Snake and the Fat Man

I stand corrected, this is a Coach Whip snake. We were looking for Indigo and Scarlet King snakes on our way to a section we call the Piney Woods, when out of the corner of my eye I noticed this fellow. He was out in the open, facing the last bit of sunlight before evening. The snake was so still he looked almost dead and did not move at my approach. It is funny though, even at 41 years old and thousand of snake sightings later, I still get a rush, especially when its a snake I don't typically see. I understand that natural check and even to some degree the irrational fear that sweeps across many people at the site of these creatures. Your mind races through it's index of venomous vs. non-venomous, and all snakes share similar structure. Even when you reach the conclusion that this animal is no threat to me based upon its head shape, eyes, markings or known identity, you now have to contend with instinct. Some snakes mimic their venomous counterparts so well that even pheno identity becomes a much more calculated scrutiny, like in the case of the Scarlet vs. the Coral. 

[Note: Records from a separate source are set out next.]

section \<open>A lower bound for the Selberg mass\<close>

lemma sum_inverse_sq_minus_self_plus_one_le: "(\<Sum>n\<in>{2..W}. 1 / (real n ^ 2 - real n + 1)) \<le> 5 / 6"
proof -
  have telescope: "(\<Sum>n\<in>{2..W}. 1 / (real n ^ 2 - real n + 1)) \<le> 5 / 6 - 1 / real W" if "W \<ge> 2" for W
    using that
  proof (induction W rule: dec_induct)
    case (step W)
    define q where "q = real (Suc W)"
    have "q \<ge> 3"
      using step(1) unfolding q_def by simp
    then have "2 * q \<le> q * q"
      by (intro mult_right_mono) auto
    then have pos: "q\<^sup>2 - q > 0"
      using \<open>q \<ge> 3\<close> unfolding power2_eq_square by linarith
    have "1 / (q\<^sup>2 - q + 1) \<le> 1 / (q\<^sup>2 - q)"
      by (rule divide_left_mono) (use pos in \<open>auto intro!: mult_pos_pos\<close>)
    also have "\<dots> = 1 / real W - 1 / real (Suc W)"
      using step(1) unfolding q_def by (simp add: field_simps power2_eq_square)
    finally have "1 / (real (Suc W) ^ 2 - real (Suc W) + 1) \<le> 1 / real W - 1 / real (Suc W)"
      unfolding q_def .
    then show ?case
      using step by (simp add: atLeastAtMostSuc_conv)
  qed simp
  show ?thesis
  proof (cases "W \<ge> 2")
    case True
    then show ?thesis
      using telescope[OF True] divide_nonneg_nonneg[of 1 "real W"] by linarith
  qed simp
qed

lemma sum_inverse_squares_le_2: "(\<Sum>s\<in>{1..W}. 1 / real s ^ 2) \<le> 2"
proof -
  have telescope: "(\<Sum>s\<in>{1..W}. 1 / real s ^ 2) \<le> 2 - 1 / real W" if "W \<ge> 1" for W
    using that
  proof (induction W rule: dec_induct)
    case (step W)
    have "1 / real (Suc W) ^ 2 \<le> 1 / (real W * real (Suc W))"
      using step(1) by (intro divide_left_mono) (auto simp: power2_eq_square)
    also have "\<dots> = 1 / real W - 1 / real (Suc W)"
      using step(1) by (simp add: field_simps)
    finally show ?case
      using step by (simp add: atLeastAtMostSuc_conv)
  qed simp
  show ?thesis
  proof (cases "W \<ge> 1")
    case True
    then show ?thesis
      using telescope[OF True] divide_nonneg_nonneg[of 1 "real W"] by linarith
  qed simp
qed

lemma one_minus_sum_le_prod_one_minus:
  fixes f :: "'a \<Rightarrow> real"
  assumes "finite A" "\<And>i. i \<in> A \<Longrightarrow> 0 \<le> f i \<and> f i \<le> 1"
  shows "1 - (\<Sum>i\<in>A. f i) \<le> (\<Prod>i\<in>A. 1 - f i)"
  using assms
proof (induction A rule: finite_induct)
  case (insert a A)
  have "(\<Prod>i\<in>A. 1 - f i) \<le> 1"
    using insert by (intro prod_le_1) auto
  then have "f a * (\<Prod>i\<in>A. 1 - f i) \<le> f a"
    using insert by (simp add: mult_left_le)
  then show ?case
    using insert by (simp add: algebra_simps)
qed simp

lemma inverse_exact_density_minus_one:
  assumes "prime p"
  shows "1 / (1 / exact_density p - 1) = (1 - 1 / (real p ^ 2 - real p + 1)) / real p"
proof -
  define A where "A = real p ^ 2 - real p + 1"
  have "real p \<ge> 2"
    using prime_ge_2_nat[OF assms] by simp
  then have "2 * real p \<le> real p * real p"
    by (intro mult_right_mono) auto
  then have "A > 0"
    using \<open>real p \<ge> 2\<close> unfolding A_def power2_eq_square by linarith
  have p1: "real (p - 1) = real p - 1" "real p - 1 \<noteq> 0" "real p \<noteq> 0"
    using \<open>real p \<ge> 2\<close> by (simp_all add: of_nat_diff)
  have "1 / exact_density p - 1 = A / (real p - 1)"
    unfolding exact_density_def A_def p1(1) using p1 by (simp add: field_simps)
  moreover have "(1 - 1 / A) / real p = (real p - 1) / A"
  proof -
    have "A - 1 = real p * (real p - 1)"
      unfolding A_def by (simp add: power2_eq_square algebra_simps)
    have "(1 - 1 / A) / real p = ((A - 1) / A) / real p"
      using \<open>A > 0\<close> by (simp add: diff_divide_distrib)
    also have "\<dots> = (real p * (real p - 1)) / (A * real p)"
      unfolding \<open>A - 1 = real p * (real p - 1)\<close> by simp
    also have "\<dots> = (real p - 1) / A"
      using p1 \<open>A > 0\<close> by (simp add: field_simps)
    finally show ?thesis .
  qed
  ultimately show ?thesis
    unfolding A_def[symmetric] by simp
qed

lemma prod_sieve_weight_ge:
  assumes T: "T \<in> sieve_sets W"
  shows "1 / (6 * real (\<Prod>T)) \<le> (\<Prod>p\<in>T. 1 / (1 / exact_density p - 1))"
proof -
  have fin: "finite T" and primes: "\<forall>p\<in>T. prime p"
    using sieve_sets_primes[OF T] by auto
  define a where "a p = 1 / (real p ^ 2 - real p + 1)" for p :: nat
  have a_bounds: "0 \<le> a p \<and> a p \<le> 1" if "p \<ge> 1" for p
  proof -
    define X where "X = real p ^ 2 - real p + 1"
    have "real p * 1 \<le> real p * real p"
      using that by (intro mult_left_mono) auto
    then have "X \<ge> 1"
      unfolding X_def power2_eq_square by linarith
    then show ?thesis
      unfolding a_def X_def[symmetric] by (simp add: divide_le_eq_1)
  qed
  have "T \<subseteq> {2..W}"
    using T primes unfolding sieve_sets_def by (auto simp: prime_ge_2_nat)
  then have "(\<Sum>p\<in>T. a p) \<le> (\<Sum>n\<in>{2..W}. a n)"
    by (intro sum_mono2) (auto simp: a_bounds)
  then have "1 / 6 \<le> 1 - (\<Sum>p\<in>T. a p)"
    using sum_inverse_sq_minus_self_plus_one_le[of W] unfolding a_def by linarith
  also have "\<dots> \<le> (\<Prod>p\<in>T. 1 - a p)"
    by (rule one_minus_sum_le_prod_one_minus[OF fin]) (use primes a_bounds prime_ge_1_nat in blast)
  finally have "1 / real (\<Prod>T) * (1 / 6) \<le> 1 / real (\<Prod>T) * (\<Prod>p\<in>T. 1 - a p)"
    by (intro mult_left_mono) (simp_all add: prod_nonneg)
  also have "\<dots> = (\<Prod>p\<in>T. 1 / (1 / exact_density p - 1))"
    using primes unfolding a_def
    by (simp add: inverse_exact_density_minus_one prod_dividef of_nat_prod prod.distrib[symmetric])
  finally show ?thesis
    by simp
qed
theorem theorem4p6:
  shows "\<exists>(c::real) (k::nat). \<forall>(n::nat) (h::real) (v::real).
     1 \<le> n \<longrightarrow> 1 \<le> h \<longrightarrow> 1 \<le> v \<longrightarrow> h * v \<ge> real n ^ 2 \<longrightarrow>
     (\<exists>H S init stepI stepH out help.
        tc_scheme n H S init stepI stepH out help \<and>
        real H \<le> c * h * (1 + log 2 (real n)) ^ k \<and>
        real S \<le> c * v * (1 + log 2 (real n)) ^ k)"
proof (rule exI[of _ 320], rule exI[of _ 1], intro allI impI)
  fix n :: nat and h v :: real
  assume n: "1 \<le> n" and h: "1 \<le> h" and v: "1 \<le> v" and hv: "h * v \<ge> real n ^ 2"
  obtain V where V: "0 < V" "real (V\<^sup>2) \<le> v" "real (((n + V - 1) div V)\<^sup>2) \<le> 16 * h"
    using exists_block_width[OF n h v hv] by blast
  obtain p w where p: "prime p" "6 * n ^ 3 < p" "p \<le> 2 ^ w" and w: "real w \<le> 10 * (1 + log 2 (real n))"
    using exists_prime_word[OF n] by blast
  interpret triangle_protocol n V "int p" w
  proof
    show "6 * int n ^ 3 < int p" using p(2) by (metis of_nat_less_iff of_nat_mult of_nat_numeral of_nat_power)
    show "int p \<le> 2 ^ w" using p(3) by (metis of_nat_le_iff of_nat_numeral of_nat_power)
  qed (use V p in simp_all)
  obtain init stepI stepH out where scheme: "tc_scheme n help_length space_bits init stepI stepH out honest_help"
    using tc_scheme_exists by blast
  have "real help_length \<le> 320 * h * (1 + log 2 (real n))" "real space_bits \<le> 320 * v * (1 + log 2 (real n))"
    using scheme_size_bounds[of h v] n V(2,3) w unfolding K_def by simp_all
  with scheme show "\<exists>H S init stepI stepH out help. tc_scheme n H S init stepI stepH out help \<and>
      real H \<le> 320 * h * (1 + log 2 (real n)) ^ 1 \<and> real S \<le> 320 * v * (1 + log 2 (real n)) ^ 1"
    by (intro exI[of _ help_length] exI[of _ space_bits] exI[of _ init] exI[of _ stepI] exI[of _ stepH]
        exI[of _ out] exI[of _ honest_help]) simp
qed

end
lemma h_newton_identity_pseq:
  fixes \<phi> :: "complex \<Rightarrow> 'a::comm_ring_1" and k :: int
  assumes \<phi>: "C_alg_map \<phi>" and q0: "q \<noteq> 0"
    and p0: "p 0 = \<phi> (q powi (1 - k) * (1 + qint q (k - 1)))"
    and eqH: "\<And>m. 1 \<le> m \<Longrightarrow> m \<le> n \<Longrightarrow>
       (\<Sum>i<m. \<phi> (q powi (- int i)) * h i * p (m - i))
       = \<phi> (qint q (int m)) * h m
         + (\<Sum>i=1..m div 2.
              \<phi> (q powi (int m - 2 * int i - 1) + q powi (- int m + 2 * int i + 1 - k))
                * h (m - 2 * i) * g ^ i)"
    and "m \<le> n"
  shows "(\<Sum>i<m. \<phi> (q powi (- int i)) * h i
        * pseq (\<phi> (q powi (2 - k) * qint q (k - 2))) (\<phi> (q powi (- 2))) p g (m - i))
    = \<phi> (qint q (int m)) * h m"
proof -
  define F where "F j = \<phi> (q powi (int j - 1) + q powi (- int j + 1 - k)) * h j" for j
  have tail: "(\<Sum>i=1..m div 2.
      \<phi> (q powi (int m - 2 * int i - 1) + q powi (- int m + 2 * int i + 1 - k)) * h (m - 2 * i) * g ^ i)
    = (\<Sum>i=1..m div 2. F (m - 2 * i) * g ^ i)" for m
  proof (rule sum.cong[OF refl], goal_cases)
    case (1 i)
    then have "2 * i \<le> m" by auto
    then have "q powi (int m - 2 * int i - 1) + q powi (- int m + 2 * int i + 1 - k)
        = q powi (int (m - 2 * i) - 1) + q powi (- int (m - 2 * i) + 1 - k)"
      by (simp add: of_nat_diff algebra_simps)
    then show ?case
      by (simp add: F_def)
  qed
  show ?thesis
  proof (rule pseq_convolution_identity[where F = F, OF _ _ \<open>m \<le> n\<close>], goal_cases)
    case (1 m)
    then show ?case
      using eqH[of m] tail[of m] by (cases "m = 0") (simp_all add: qint_def C_alg_map_zero[OF \<phi>])
  next
    case (2 j)
    have "\<phi> ((q powi (int j - 1) + q powi (- int j + 1 - k))
      + q powi (- 2) * (qint q (int j) + q powi (- int j) * (q powi (2 - k) * qint q (k - 2)))) * h j
      = \<phi> (qint q (int j) + q powi (- int j) * (q powi (1 - k) * (1 + qint q (k - 1)))) * h j"
      by (simp only: h_coefficient_identity[OF q0])
    then show ?case
      unfolding F_def p0
      by (simp only: C_alg_map_add[OF \<phi>] C_alg_map_mult[OF \<phi>]) (simp add: algebra_simps)
  qed
qed
lemma visit_freq_Qj_le:
  assumes a: "4 \<le> K" "K ^ 3 \<le> T" "j \<in> {2..K-1}"
  shows "visit_freq (dem (Qj K T j)) pol K T j - visit_freq (base_dem K) pol K T j
           \<le> (81/26) * chi_rate K j * visit_freq (base_dem K) pol K T j + 13/81"
proof -
  let ?c = "\<lambda>p. chi_rate K j / real T * indicator (bump_interval K j) p"
  have T: "0 < real T"
    using real_horizon_pos[OF a(1,2)] .
  have cost: "cost_along ?c = (\<lambda>h. chi_rate K j * (visits K j h / real T))"
    by (rule ext, simp only: cost_along_scale visits_def) simp
  have "(26/81) * (visit_freq (dem (Qj K T j)) pol K T j - visit_freq (base_dem K) pol K T j)
      \<le> hist_expect (base_dem K) pol T (cost_along ?c) [] + (26/81)^2 / 2"
    unfolding visit_freq_def
  proof (rule hist_expect_diff_le)
    show "prob_valued (base_dem K)"
      using a by (simp add: prob_valued_base_dem)
    show "\<And>h. length h = T \<Longrightarrow> 0 \<le> visits K j h / real T \<and> visits K j h / real T \<le> 1"
      using visits_nonneg visits_div_le_1 T by simp
  qed (use ln_convex_comb_base_dem_le[OF a] prob_valued_dem in auto)
  also have "hist_expect (base_dem K) pol T (cost_along ?c) [] = chi_rate K j * visit_freq (base_dem K) pol K T j"
    unfolding cost by (simp only: hist_expect_scale visit_freq_def)
  finally show ?thesis
    by (simp add: power2_eq_square algebra_simps)
qed

text \<open>Write \<open>\<theta> = (j - 1)/(K - 2) \<in> [0,1]\<close>; the bound follows from \<open>b = (1 - \<theta>) b + \<theta> b\<close>, using \<open>b \<le> 1\<close>
  for the first summand and the hypothesis for the second, where \<open>\<theta> \<cdot> chi_rate K j = 2 (K - 1)/81\<close>.\<close>

lemma visit_freq_Qj_le_affine:
  assumes K: "4 \<le> K" and j: "j \<in> {2..K-1}"
    and b: "b \<le> 1" and a: "0 \<le> a" and ba: "b - a \<le> (81/26) * chi_rate K j * a + 13/81"
  shows "b \<le> 1 - (68/81) * ((real j - 1) / (real K - 2)) + (1 + (real K - 1) / 13) * a"
proof -
  define \<theta> where "\<theta> = (real j - 1) / (real K - 2)"
  have jr: "2 \<le> real j" "real j \<le> real K - 1" and Kr: "4 \<le> real K"
    using j K by auto
  have \<theta>: "0 \<le> \<theta>" "\<theta> \<le> 1"
    using jr Kr by (auto simp: \<theta>_def field_simps)
  have \<theta>_chi: "\<theta> * chi_rate K j = 2 * (real K - 1) / 81"
  proof -
    define u v where "u = real j - 1" and "v = real K - 2"
    have "0 < u" "0 < v"
      using jr Kr by (simp_all add: u_def v_def)
    then have "u / v * (2 * (real K - 1) * v / (81 * u)) = 2 * (real K - 1) / 81"
      by (simp add: field_simps)
    then show ?thesis
      by (simp add: \<theta>_def chi_rate_def u_def v_def)
  qed
  have "b = (1 - \<theta>) * b + \<theta> * b"
    by (simp add: algebra_simps)
  also have "\<dots> \<le> (1 - \<theta>) * 1 + \<theta> * (a + (81/26) * chi_rate K j * a + 13/81)"
    using \<theta> b ba by (intro add_mono mult_left_mono) auto
  also have "\<dots> = 1 - \<theta> + \<theta> * a + (81/26) * (\<theta> * chi_rate K j) * a + 13/81 * \<theta>"
    by (simp add: algebra_simps)
  also have "\<dots> = 1 - \<theta> + \<theta> * a + (real K - 1) / 13 * a + 13/81 * \<theta>"
    unfolding \<theta>_chi by simp
  also have "\<dots> \<le> 1 - \<theta> + a + (real K - 1) / 13 * a + 13/81 * \<theta>"
    using \<theta> a mult_left_le_one_le[of a \<theta>] by simp
  finally show ?thesis
    by (simp add: \<theta>_def[symmetric] algebra_simps)
qed

lemma sum_real_minus_1: "(\<Sum>j\<in>{2..m+1}. real j - 1) = real m * (real m + 1) / 2"
proof (induction m)
  case 0
  then show ?case by simp
next
  case (Suc m)
  have "{2..Suc m + 1} = insert (m + 2) {2..m+1}"
    by auto
  then show ?case
    using Suc by (simp add: field_simps)
qed
lemma loewner_le_chain:
  fixes A :: "nat \<Rightarrow> real^'n^'n"
  assumes pd: "\<forall>i\<in>{1..m}. pos_def (A i)"
  shows "n < m \<Longrightarrow> loewner_le (A 1) ((\<Prod>i=1..n. trace (A i ** matrix_inv (A (i + 1)))) *\<^sub>R A (Suc n))"
proof (induction n)
  case 0
  show ?case by (simp add: loewner_le_refl)
next
  case (Suc n)
  define P where "P = (\<Prod>i=1..n. trace (A i ** matrix_inv (A (i + 1))))"
  define t where "t = trace (A (Suc n) ** matrix_inv (A (Suc n + 1)))"
  have "0 \<le> trace (A i ** matrix_inv (A (i + 1)))" if "i \<in> {1..n}" for i
    using that Suc.prems pd by (intro less_imp_le loewner_le_trace_mult_inv(1)) auto
  then have "0 \<le> P" unfolding P_def by (rule prod_nonneg)
  have "loewner_le (A 1) (P *\<^sub>R A (Suc n))" using Suc by (simp add: P_def)
  also have "loewner_le (P *\<^sub>R A (Suc n)) (P *\<^sub>R (t *\<^sub>R A (Suc n + 1)))"
  proof (rule loewner_le_scaleR[OF \<open>0 \<le> P\<close>])
    show "loewner_le (A (Suc n)) (t *\<^sub>R A (Suc n + 1))"
      unfolding t_def using Suc.prems pd by (intro loewner_le_trace_mult_inv(2)) auto
  qed
  finally show ?case by (simp add: P_def t_def)
qed

section \<open>Monotonicity of dyadic matrix powers\<close>

lemma loewner_le_of_squares:
  fixes X Y :: "real^'n^'n"
  assumes sym_X: "transpose X = X" and sym_Y: "transpose Y = Y"
    and psd_Y: "\<And>x. 0 \<le> quad_form Y x" and squares: "loewner_le (X ** X) (Y ** Y)"
  shows "loewner_le X Y"
proof -
  have "transpose (X - Y) = X - Y" using sym_X sym_Y by (simp add: transpose_def vec_eq_iff)
  then obtain Q l where Q: "orthogonal_matrix Q" and Z: "X - Y = orth_diag Q l"
    using symmetric_matrix_orthogonal_diagonalization by blast
  \<comment> \<open>An eigenvector v of X - Y with eigenvalue l > 0 would give
    norm (X v)^2 = norm (Y v)^2 + 2 l v.(Y v) + l^2 > norm (Y v)^2.\<close>
  have "l $ i \<le> 0" for i
  proof (rule ccontr)
    assume "\<not> l $ i \<le> 0"
    define v where "v = column i Q"
    have "v \<bullet> v = 1" using Q by (simp add: v_def orthogonal_matrix_orthonormal_columns norm_eq_1)
    have "(X - Y) *v v = l $ i *\<^sub>R v" unfolding Z v_def by (rule orth_diag_mult_column[OF Q])
    then have Xv: "X *v v = Y *v v + l $ i *\<^sub>R v" by (simp add: algebra_simps)
    have "(X *v v) \<bullet> (X *v v) = (Y *v v) \<bullet> (Y *v v) + 2 * l $ i * quad_form Y v + (l $ i)^2"
    proof -
      have "(Y *v v) \<bullet> v = v \<bullet> (Y *v v)" by (rule inner_commute)
      with \<open>v \<bullet> v = 1\<close> show ?thesis
        by (simp add: Xv quad_form_def inner_add_left inner_add_right power2_eq_square distrib_left)
    qed
    moreover have "(X *v v) \<bullet> (X *v v) \<le> (Y *v v) \<bullet> (Y *v v)"
      using squares by (simp add: loewner_le_def quad_form_symmetric_square sym_X sym_Y)
    moreover have "0 \<le> l $ i * quad_form Y v" using \<open>\<not> l $ i \<le> 0\<close> psd_Y by simp
    moreover have "0 < (l $ i)^2" using \<open>\<not> l $ i \<le> 0\<close> by simp
    ultimately show False by linarith
  qed
  then have "quad_form (X - Y) x \<le> 0" for x
    by (simp add: Z quad_form_orth_diag sum_nonpos mult_nonpos_nonneg)
  then show ?thesis by (simp add: loewner_le_def quad_form_diff)
qed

There are other things that trigger certain natural and instinctual responses from us. I have been called over at work to look at a rattle snake that turned out to be a Black Racer, shaking his tail while trying to swallow a skink. My neighbor asked me to remove a pygmy rattler that turned out  to be a Hog Nose snake. I had to remove a coral snake from a young lad who believed it to be a king snake. I guess that would be a situation where dyslexia could bite you. Remember, red touches yellow can kill a fellow. 

For all there carrying on though, the striking, the tail shaking and coiling up, it is mostly bluff, but it works well to keep other animals away. Unfortunately, with humans though, they escalate  all these responses to the irrational and from that justify the destruction of something that actually serves a purpose. Snakes are marvelous animals and God's creation so I would ask you to do this: take another look at snakes. You may find them to be more beautiful, necessary, and interesting than you ever imagined. Even the venomous.